▶ _EXERCISE DATA_
lemma first_zero_exists:
  fixes g :: "real \<Rightarrow> real"
  assumes cont: "continuous_on {0..T} g" and "0 < g 0" "0 \<le> t" "t \<le> T" "g t \<le> 0"
  obtains t1 where "0 < t1" "t1 \<le> T" "g t1 = 0" "\<And>s. 0 \<le> s \<Longrightarrow> s < t1 \<Longrightarrow> 0 < g s"
proof -
  define Z where "Z = {s \<in> {0..T}. g s = 0}"
  have zero_below: "\<exists>z\<in>Z. z \<le> s" if s: "0 \<le> s" "s \<le> T" "g s \<le> 0" for s
  proof -
    have "continuous_on {0..s} g" using cont by (rule continuous_on_subset) (use s in auto)
    then obtain z where "0 \<le> z" "z \<le> s" "g z = 0"
      using IVT2'[of g s 0 0] s \<open>0 < g 0\<close> by force
    then show ?thesis using s by (auto simp: Z_def)
  qed
  have "Inf Z \<in> Z"
  proof (rule closed_contains_Inf)
    show "Z \<noteq> {}" using zero_below[OF assms(3-5)] by auto
    show "bdd_below Z" by (auto simp: Z_def intro: bdd_belowI[where m=0])
    show "closed Z" unfolding Z_def by (rule continuous_closed_preimage_constant[OF cont]) simp
  qed
  moreover have "Inf Z \<le> z" if "z \<in> Z" for z
    using that by (intro cInf_lower) (auto simp: Z_def intro: bdd_belowI[where m=0])
  ultimately show thesis
    using zero_below \<open>0 < g 0\<close> by (intro that[of "Inf Z"]) (force simp: Z_def)+
qed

▶ _ACTION ITEM_
Copy, without any change, the run of lines from the one with "then show ?thesis" through the end of the entries above.

▶ _RESULT_
    then show ?thesis using s by (auto simp: Z_def)
  qed
  have "Inf Z \<in> Z"
  proof (rule closed_contains_Inf)
    show "Z \<noteq> {}" using zero_below[OF assms(3-5)] by auto
    show "bdd_below Z" by (auto simp: Z_def intro: bdd_belowI[where m=0])
    show "closed Z" unfolding Z_def by (rule continuous_closed_preimage_constant[OF cont]) simp
  qed
  moreover have "Inf Z \<le> z" if "z \<in> Z" for z
    using that by (intro cInf_lower) (auto simp: Z_def intro: bdd_belowI[where m=0])
  ultimately show thesis
    using zero_below \<open>0 < g 0\<close> by (intro that[of "Inf Z"]) (force simp: Z_def)+
qed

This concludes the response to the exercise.